Hopeless: Really? Your vision for the future is that 47% of working-age Americans will be living on a $10,000 per year check from the government, doing nothing? $10,000 is not a lot of money, barely sustaining a life on the margins in pockets of poor rural america. It buys a used trailer and a six pack of beer in a place with little hope.

We can do better than that! And we can. We're talking about a several decade shift in the labor force here. If services are the answer, we need to fix schools and other barriers that keep people from getting the skills needed to earn money in the service economy. We need to fix labor markets to make it easier to hire people in flexible ways and help them to develop skills on the job.

Contradictory: Murray's numbers work out (I think, I haven't checked, but it seems plausible) in today's America. But if half our labor force, and all our retired or non-working people, are living off a government check, the cost would explode past what the country could possibly support with any level of taxation.

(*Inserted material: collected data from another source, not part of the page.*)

lemma inj_on_insert_peak:
  "inj_on (\<lambda>(w, s). insert_peak (Suc x) w s) (slotted_words e x k \<times> {..<k})"
proof (rule inj_onI, clarify)
  fix w1 s1 w2 s2
  assume w: "w1 \<in> slotted_words e x k" "w2 \<in> slotted_words e x k" and s: "s1 < k" "s2 < k"
    and eq: "insert_peak (Suc x) w1 s1 = insert_peak (Suc x) w2 s2"
  obtain L1 R1 where "split_slot w1 s1 = (L1, R1)" "w1 = L1 @ \<infinity> # R1" "count_list L1 \<infinity> = s1"
    "\<forall>b\<in>set L1. b < enat (Suc x) \<or> b = \<infinity>" "\<forall>b\<in>set R1. b < enat (Suc x) \<or> b = \<infinity>"
    using slotted_word_split[OF w(1) s(1)] by metis
  moreover obtain L2 R2 where "split_slot w2 s2 = (L2, R2)" "w2 = L2 @ \<infinity> # R2" "count_list L2 \<infinity> = s2"
    using slotted_word_split[OF w(2) s(2)] by metis
  ultimately show "w1 = w2 \<and> s1 = s2"
    using eq append_Cons_eq_iff[of "enat (Suc x)" L1 R1 L2 R2] by (fastforce simp: insert_peak_def)
qed

lemma inj_on_insert_valley:
  "inj_on (\<lambda>(w, s). insert_valley (Suc x) w s) (slotted_words e x k \<times> {..<k})"
proof (rule inj_onI, clarify)
  fix w1 s1 w2 s2
  assume w: "w1 \<in> slotted_words e x k" "w2 \<in> slotted_words e x k" and s: "s1 < k" "s2 < k"
    and eq: "insert_valley (Suc x) w1 s1 = insert_valley (Suc x) w2 s2"
  obtain L1 R1 where "split_slot w1 s1 = (L1, R1)" "w1 = L1 @ \<infinity> # R1" "count_list L1 \<infinity> = s1"
    "\<forall>b\<in>set L1. b < enat (Suc x) \<or> b = \<infinity>" "\<forall>b\<in>set R1. b < enat (Suc x) \<or> b = \<infinity>"
    using slotted_word_split[OF w(1) s(1)] by metis
  moreover obtain L2 R2 where "split_slot w2 s2 = (L2, R2)" "w2 = L2 @ \<infinity> # R2" "count_list L2 \<infinity> = s2"
    using slotted_word_split[OF w(2) s(2)] by metis
  ultimately show "w1 = w2 \<and> s1 = s2"
    using eq append_Cons_eq_iff[of "enat (Suc x)" "L1 @ [\<infinity>]" "\<infinity> # R1" "L2 @ [\<infinity>]" "\<infinity> # R2"]
    by (fastforce simp: insert_valley_def)
qed

lemma insert_peak_neq_insert_valley:
  assumes "w1 \<in> slotted_words e x j1" "s1 < j1" "w2 \<in> slotted_words e x j2" "s2 < j2"
  shows "insert_peak (Suc x) w1 s1 \<noteq> insert_valley (Suc x) w2 s2"
proof
  assume eq: "insert_peak (Suc x) w1 s1 = insert_valley (Suc x) w2 s2"
  obtain L1 R1 where sp1: "split_slot w1 s1 = (L1, R1)" and w1: "w1 = L1 @ \<infinity> # R1"
    and "\<forall>b\<in>set L1. b < enat (Suc x) \<or> b = \<infinity>" "\<forall>b\<in>set R1. b < enat (Suc x) \<or> b = \<infinity>"
    using slotted_word_split[OF assms(1,2)] by metis
  moreover obtain L2 R2 where "split_slot w2 s2 = (L2, R2)"
    using slotted_word_split[OF assms(3,4)] by metis
  ultimately have "L1 = L2 @ [\<infinity>]"
    using eq append_Cons_eq_iff[of "enat (Suc x)" L1 R1 "L2 @ [\<infinity>]" "\<infinity> # R2"]
    by (fastforce simp: insert_peak_def insert_valley_def)
  then have "w1 = L2 @ \<infinity> # \<infinity> # R1" using w1 by simp
  then show False
    using assms(1) not_alternating_infinity_infinity by (auto simp: slotted_words_def)
qed

lemma qint_commute: "qint n q p = qint n p q"
proof -
  have "qint n q p = (\<Sum>i<n. q ^ (n - Suc i) * p ^ (n - 1 - (n - Suc i)))"
    unfolding qint_def by (rule sum.nat_diff_reindex[symmetric])
  also have "\<dots> = qint n p q"
    unfolding qint_def by (rule sum.cong) (auto simp: mult.commute)
  finally show ?thesis .
qed

lemma sum_slot_choices:
  fixes g :: "'b \<Rightarrow> 'a::comm_ring_1"
  assumes "finite A"
  shows "(\<Sum>(w, s)\<in>A \<times> {..<n}. g w * q ^ s * p ^ (n - 1 - s)) = qint n p q * sum g A"
proof -
  have "(\<Sum>(w, s)\<in>A \<times> {..<n}. g w * q ^ s * p ^ (n - 1 - s))
      = (\<Sum>w\<in>A. \<Sum>s<n. g w * q ^ s * p ^ (n - 1 - s))"
    by (rule sum.cartesian_product[symmetric])
  also have "\<dots> = (\<Sum>w\<in>A. qint n q p * g w)"
    unfolding qint_def by (simp only: sum_distrib_left mult_ac)
  also have "\<dots> = qint n p q * sum g A"
    by (simp only: qint_commute sum_distrib_left)
  finally show ?thesis .
qed

lemma slotted_words_Suc:
  "slotted_words e (Suc x) k =
     (\<lambda>(w, s). insert_peak (Suc x) w s) ` (slotted_words e x (Suc k) \<times> {..<peak_slots e (Suc k)})
   \<union> (\<lambda>(w, s). insert_valley (Suc x) w s) ` (slotted_words e x (k - 1) \<times> {..<k - 1})"
  (is "?S = ?P \<union> ?V")
proof
  show "?S \<subseteq> ?P \<union> ?V"
  proof
    fix w' assume "w' \<in> ?S"
    then show "w' \<in> ?P \<union> ?V"
    proof (cases rule: slotted_words_Suc_cases)
      case (peak w s)
      then show ?thesis by (intro UnI1 image_eqI[where x = "(w, s)"]) auto
    next
      case (valley w s)
      then show ?thesis by (intro UnI2 image_eqI[where x = "(w, s)"]) auto
    qed
  qed
  have "insert_valley (Suc x) w s \<in> ?S" if "w \<in> slotted_words e x (k - 1)" "s < k - 1" for w s
  proof -
    have "Suc (k - 1) = k" using that(2) by arith
    then show ?thesis using insert_valley_in_slotted_words[OF that] by simp
  qed
  then show "?P \<union> ?V \<subseteq> ?S"
    using insert_peak_in_slotted_words by auto
qed

lemma sum_slot_weight_insert_peak:
  "(\<Sum>w\<in>(\<lambda>(w, s). insert_peak (Suc x) w s) ` (slotted_words e x (Suc k) \<times> {..<peak_slots e (Suc k)}).
      slot_weight e p q w) = qint (peak_slots e (Suc k)) p q * slot_sum e p q x (Suc k)"
proof -
  define n where "n = peak_slots e (Suc k)"
  have "n \<le> Suc k" by (simp add: n_def peak_slots_def)
  then have "slotted_words e x (Suc k) \<times> {..<n} \<subseteq> slotted_words e x (Suc k) \<times> {..<Suc k}" by auto
  note inj = inj_on_subset[OF inj_on_insert_peak this]
  have "(\<Sum>w\<in>(\<lambda>(w, s). insert_peak (Suc x) w s) ` (slotted_words e x (Suc k) \<times> {..<n}).
      slot_weight e p q w)
      = (\<Sum>(w, s)\<in>slotted_words e x (Suc k) \<times> {..<n}. slot_weight e p q (insert_peak (Suc x) w s))"
    by (subst sum.reindex[OF inj]) (simp add: comp_def split_beta)
  also have "\<dots> = (\<Sum>(w, s)\<in>slotted_words e x (Suc k) \<times> {..<n}. slot_weight e p q w * q ^ s * p ^ (n - 1 - s))"
    by (rule sum.cong) (auto simp: n_def slot_weight_insert_peak)
  also have "\<dots> = qint n p q * slot_sum e p q x (Suc k)"
    unfolding slot_sum_def by (rule sum_slot_choices[OF finite_slotted_words])
  finally show ?thesis by (simp only: n_def)
qed
(* Let $S$ be a right loop, $\nu:S\to S/\mathcal Z(S)$ the natural projection, and $\theta:G_S\to G_{S/\mathcal Z(S)}$ the induced surjective group homomorphism $f^S(y,z)\mapsto f^{S/\mathcal Z(S)}(\nu(y),\nu(z))$. Then $\ker\theta$ is isomorphic to a subgroup of the abelian group $\prod_{\mathcal A}\mathcal Z(S)$ for some index set $\mathcal A$ (one may take $\mathcal A$ to be a set of representatives of the cosets $\mathcal Z(S)\circ x$ other than $\mathcal Z(S)$).
   Context: A right loop is a set $S$ with binary operation $\circ$ and two-sided identity $1$ such that each equation $X\circ a=b$ has a unique solution. For $y,z\in S$, $f^S(y,z):S\to S$ sends $x$ to the unique $X$ with $X\circ(y\circ z)=(x\circ y)\circ z$; $G_S\le\mathrm{Sym}(S)$ is generated by all $f^S(y,z)$. A congruence on $S$ is an equivalence relation which is a right subloop of $S\times S$; an invariant right subloop is the class $T$ of $1$ under a congruence, $S/T=\{T\circ x\}$ with $(T\circ x)\circ(T\circ y)=T\circ(x\circ y)$. Centralizing: for congruences $\beta,\gamma$, $\gamma$ centralizes $\beta$ if there is a congruence $(\gamma|\beta)$ on the right loop $\beta\subseteq S\times S$ with: (i) $(x,y)(\gamma|\beta)(u,v)\Rightarrow x\gamma u$; (ii) for $(x,y)\in\beta$, $(u,v)\mapsto u$ is a bijection from the $(\gamma|\beta)$-class of $(x,y)$ to the $\gamma$-class of $x$; (iii) $(x,y)\in\gamma\Rightarrow(x,x)(\gamma|\beta)(y,y)$; (iv) $(x,y)(\gamma|\beta)(u,v)\Rightarrow(y,x)(\gamma|\beta)(v,u)$; (v) $(x,y)(\gamma|\beta)(u,v)$, $(y,z)(\gamma|\beta)(v,w)\Rightarrow(x,z)(\gamma|\beta)(u,w)$. The center congruence $\zeta(S)$ is the unique maximal congruence centralized by $S\times S$; the center $\mathcal Z(S)$ is its class of $1$, an invariant right subloop which is an abelian group under $\circ$. *)

theory Defs
  imports "HOL-Algebra.Algebra"
begin
text \<open>Coordinates of V are indexed by 'n + 'n: Inl i is x^i (basis e_i), Inr i is x~^i (basis e~_i).\<close>
definition V_inner :: "real^('n::finite + 'n) \<Rightarrow> real^('n + 'n) \<Rightarrow> real" where
  "V_inner u v = (\<Sum>i\<in>UNIV. u $ Inl i * v $ Inr i + u $ Inr i * v $ Inl i)"

definition W_inner :: "(real^('n::finite + 'n)) \<times> real \<Rightarrow> (real^('n + 'n)) \<times> real \<Rightarrow> real" where
  "W_inner w w' = V_inner (fst w) (fst w') + snd w * snd w'"

definition xtilde :: "real^('n::finite + 'n) \<Rightarrow> real^'n" where
  "xtilde v = (\<chi> i. v $ Inr i)"

definition graph_embedding :: "(real^'n::finite \<Rightarrow> real) \<Rightarrow> real^('n + 'n) \<Rightarrow> (real^('n + 'n)) \<times> real" where
  "graph_embedding f v = (v, f (xtilde v))"

definition induced_metric :: "(real^'n::finite \<Rightarrow> real) \<Rightarrow> ('n + 'n) metric" where
  "induced_metric f P u v =
     W_inner (frechet_derivative (graph_embedding f) (at P) u)
             (frechet_derivative (graph_embedding f) (at P) v)"

end

theory Submission
  imports Defs "HOL-Library.Quadratic_Discriminant"
begin

(* Write v = (x, x~) and let h and H be the gradient and the Hessian of f at x~. The metric induced
   by the graph is g(u, v) = x(u) . x~(v) + x~(u) . x(v) + (h . x~(u)) (h . x~(v)); it depends on
   x~ only, and its Christoffel map is Gamma(y, z) = (H y~ . z~) (h, 0), which takes values in the
   x-directions and vanishes on them. Hence R(x, y) z = ((H y~ . z~) H x~ - (H x~ . z~) H y~, 0), the
   third derivatives of f cancelling by symmetry, and R(x, y)^2 = 0.
   The x-directions are totally isotropic, so x~ is injective on definite subspaces; this bounds both
   indices by p, and the graphs of w -> c w with c = 1 and c = -(|h|^2 + 1) attain the bound. On a
   definite plane with basis e1, e2 the vectors u_i = H e_i~ are independent wherever det H <> 0,
   and R(pi) z = c ((u2 . z~) u1 - (u1 . z~) u2, 0) with c > 0: an operator of rank 2, and any two
   of them are conjugate by a map (x, x~) -> (M x, N x~). *)

definition independent_pair :: "'a::real_vector \<Rightarrow> 'a \<Rightarrow> bool" where
  "independent_pair a b \<longleftrightarrow> (\<forall>s t. s *\<^sub>R a + t *\<^sub>R b = 0 \<longrightarrow> s = 0 \<and> t = 0)"

lemma independent_pair_alt: "independent_pair a b \<longleftrightarrow> b \<noteq> 0 \<and> (\<forall>k. a \<noteq> k *\<^sub>R b)"
proof
  assume ind: "independent_pair a b"
  have "b \<noteq> 0"
    using ind[unfolded independent_pair_def, rule_format, of 0 1] by auto
  moreover have "a \<noteq> k *\<^sub>R b" for k
    using ind[unfolded independent_pair_def, rule_format, of 1 "- k"] by auto
  ultimately show "b \<noteq> 0 \<and> (\<forall>k. a \<noteq> k *\<^sub>R b)"
    by blast
next
  assume b: "b \<noteq> 0 \<and> (\<forall>k. a \<noteq> k *\<^sub>R b)"
  show "independent_pair a b"
    unfolding independent_pair_def
  proof (intro allI impI)
    fix s t
    assume st: "s *\<^sub>R a + t *\<^sub>R b = 0"
    have "s = 0"
    proof (rule ccontr)
      assume "s \<noteq> 0"
      moreover have "s *\<^sub>R a = - (t *\<^sub>R b)"
        using st by (simp add: eq_neg_iff_add_eq_0)
      then have "(1 / s) *\<^sub>R (s *\<^sub>R a) = (1 / s) *\<^sub>R - (t *\<^sub>R b)"
        by simp
      ultimately have "a = (- t / s) *\<^sub>R b"
        by simp
      then show False
        using b by blast
    qed
    then show "s = 0 \<and> t = 0"
      using st b by simp
  qed
qed
lemma koenigs_eq_0_iff: "0 \<le> t \<Longrightarrow> koenigs t = 0 \<longleftrightarrow> t = sqrt 2 - 1"
  using koenigs_denom_pos[of t] by (auto simp: koenigs_def)

lemma koenigs_eq: "0 \<le> t \<Longrightarrow> koenigs t = 1 - 2 * sqrt 2 / (t + (sqrt 2 + 1))"
  using koenigs_denom_pos[of t] by (simp add: koenigs_def field_simps)

lemma koenigs_mono: "0 \<le> s \<Longrightarrow> s \<le> t \<Longrightarrow> koenigs s \<le> koenigs t"
  using koenigs_denom_pos[of s] by (simp add: koenigs_eq divide_left_mono)

lemma abs_koenigs_le_1: "0 \<le> t \<Longrightarrow> \<bar>koenigs t\<bar> \<le> 1"
  using koenigs_denom_pos[of t] by (simp add: koenigs_eq abs_le_iff divide_le_eq)

definition defect :: "real \<Rightarrow> real \<Rightarrow> real \<Rightarrow> real" where
  "defect n e p = p / ((n + sqrt 2 - 1) * (n + sqrt 2 - 1 + (sqrt 2 + 1 - n) * e * p))"

lemma recip_add_eq_defect:
  assumes "0 \<le> t" "1 \<le> n"
  shows "1 / (n + t) = 1 / (n + sqrt 2 - 1) - 2 * sqrt 2 * defect n 1 (koenigs t)"
proof -
  have nz: "n + t \<noteq> 0" "n + sqrt 2 - 1 \<noteq> 0" "t + (sqrt 2 + 1) \<noteq> 0" "sqrt 2 \<noteq> 0"
    using assms koenigs_denom_pos[OF assms(1)] sqrt_2_bounds by auto
  have "n + sqrt 2 - 1 + (sqrt 2 + 1 - n) * koenigs t
      = ((n + sqrt 2 - 1) * (t + (sqrt 2 + 1)) + (sqrt 2 + 1 - n) * (t - (sqrt 2 - 1)))
        / (t + (sqrt 2 + 1))"
    using nz by (simp add: koenigs_def field_simps)
  also have "(n + sqrt 2 - 1) * (t + (sqrt 2 + 1)) + (sqrt 2 + 1 - n) * (t - (sqrt 2 - 1))
      = 2 * sqrt 2 * (n + t)"
    by (simp add: algebra_simps)
  finally have "2 * sqrt 2 * defect n 1 (koenigs t)
      = (t - (sqrt 2 - 1)) / ((n + sqrt 2 - 1) * (n + t))"
    using nz by (simp add: defect_def koenigs_def)
  also have "\<dots> = 1 / (n + sqrt 2 - 1) - 1 / (n + t)"
    using nz by (simp add: field_simps)
  finally show ?thesis by simp
qed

So set this apart, recognize that adapting to automation will require getting people skills not sending them checks. And that is going to mean keeping the price system alive. It has to be crystal clear that computer programming pays more than goof off majors.

Bottom line, most of the Murray's social changes and adaptation to robot workforce is, I think, a mistake and a distraction.

A Big Deal -- along with the others -- remains attractive: Substantial cash grants and vouchers in place of many current programs -- could offer substantially more help to people who need it, with far fewer distortions.  In place of middle class subsidies -- housing, college, etc. -- and corporate subsidies even better.  But let's not pretend it will cure social ills, or save us from confronting labor market distortions.